■ **THE PROBLEM**:
The lines below are to be quoted exactly, from the first through the one that contains "A l *\<^sub>v".
** SOURCE INFORMATION follows **
lemma mat_kernel_char_matrix_iff:
  assumes A: "A \<in> carrier_mat m m"
  shows "v \<in> mat_kernel (char_matrix A l) \<longleftrightarrow> v \<in> carrier_vec m \<and> (\<forall>u<m. (A *\<^sub>v v) $ u = l * v $ u)"
proof -
  have dims: "dim_row (char_matrix A l) = m" "dim_col (char_matrix A l) = m"
    using char_matrix_closed[OF A, of l] by auto
  have "char_matrix A l *\<^sub>v v = 0\<^sub>v m \<longleftrightarrow> (\<forall>u<m. (A *\<^sub>v v) $ u = l * v $ u)" if "v \<in> carrier_vec m"
    using char_matrix_mult_vec_index[OF A that, of _ l] dims
    by (auto simp: vec_eq_iff simp del: index_mult_mat_vec)
  thus ?thesis using dims unfolding mat_kernel_def by auto
qed

lemma kernel_dim_coordinate_basis:
  fixes B :: "'a::field mat"
  assumes B: "B \<in> carrier_mat m m"
    and b: "\<And>i. i < d \<Longrightarrow> b i \<in> mat_kernel B" and p: "\<And>j. j < d \<Longrightarrow> p j < m"
    and delta: "\<And>i j. i < d \<Longrightarrow> j < d \<Longrightarrow> b i $ p j = (if i = j then 1 else 0)"
    and expand: "\<And>v u. v \<in> mat_kernel B \<Longrightarrow> u < m \<Longrightarrow> v $ u = (\<Sum>i<d. v $ p i * b i $ u)"
  shows "kernel_dim B = d"
proof -
  interpret K: kernel m m B by unfold_locales (rule B)
  let ?X = "b ` {..<d}"
  have inj: "inj_on b {..<d}"
    by (rule inj_onI) (metis delta lessThan_iff one_neq_zero)
  have Xk: "?X \<subseteq> mat_kernel B" using b by auto
  have Xc: "?X \<subseteq> carrier_vec m" using Xk B unfolding mat_kernel_def by auto
  have fX: "finite ?X" by simp
  have lincomb: "K.NC.lincomb a ?X $ u = (\<Sum>i<d. a (b i) * b i $ u)" if "u < m" for a u
    using K.NC.lincomb_index[OF that Xc] sum.reindex[OF inj] by simp
  have coord: "(\<Sum>i<d. a (b i) * b i $ p j) = a (b j)" if "j < d" for a j
  proof -
    have "(\<Sum>i<d. a (b i) * b i $ p j) = (\<Sum>i<d. if i = j then a (b i) else 0)"
      using that delta by (intro sum.cong) auto
    thus ?thesis using that by simp
  qed
  have "K.NC.lin_indpt ?X"
  proof (rule K.NC.finite_lin_indpt2[OF fX Xc])
    fix a assume "K.NC.lincomb a ?X = 0\<^sub>v m"
    hence "a (b j) = 0" if "j < d" for j
      using lincomb[OF p[OF that], of a] coord[OF that] p[OF that] by simp
    thus "\<forall>v\<in>?X. a v = 0" by auto
  qed
  hence indpt: "K.Ker.lin_indpt ?X" using K.lindep_same[OF Xk] by simp
  have "mat_kernel B \<subseteq> K.span ?X"
  proof
    fix v assume v: "v \<in> mat_kernel B"
    define a where "a x = v $ p (the_inv_into {..<d} b x)" for x
    have "v = K.NC.lincomb a ?X"
    proof (rule eq_vecI)
      show "dim_vec v = dim_vec (K.NC.lincomb a ?X)"
        using v B K.NC.lincomb_dim[OF fX Xc] unfolding mat_kernel_def by simp
      fix u assume "u < dim_vec (K.NC.lincomb a ?X)"
      hence u: "u < m" using K.NC.lincomb_dim[OF fX Xc] by simp
      show "v $ u = K.NC.lincomb a ?X $ u"
        unfolding lincomb[OF u] expand[OF v u] a_def using inj by (simp add: the_inv_into_f_f)
    qed
    hence "v \<in> K.NC.span ?X" unfolding K.NC.finite_span[OF fX Xc] by auto
    thus "v \<in> K.span ?X" using K.span_same[OF Xk] by simp
  qed
  hence "K.span ?X = mat_kernel B" using K.Ker.span_is_subset2[of ?X] Xk by auto
  hence "K.Ker.basis ?X" unfolding K.Ker.basis_def using indpt Xk by simp
  hence "K.dim = card ?X" using K.Ker.dim_basis[OF fX] by simp
  thus ?thesis using card_image[OF inj] by simp
qed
** End of SOURCE INFORMATION **
■ **ANSWER SPACE**:
lemma mat_kernel_char_matrix_iff:
  assumes A: "A \<in> carrier_mat m m"
  shows "v \<in> mat_kernel (char_matrix A l) \<longleftrightarrow> v \<in> carrier_vec m \<and> (\<forall>u<m. (A *\<^sub>v v) $ u = l * v $ u)"
proof -
  have dims: "dim_row (char_matrix A l) = m" "dim_col (char_matrix A l) = m"
    using char_matrix_closed[OF A, of l] by auto
  have "char_matrix A l *\<^sub>v v = 0\<^sub>v m \<longleftrightarrow> (\<forall>u<m. (A *\<^sub>v v) $ u = l * v $ u)" if "v \<in> carrier_vec m"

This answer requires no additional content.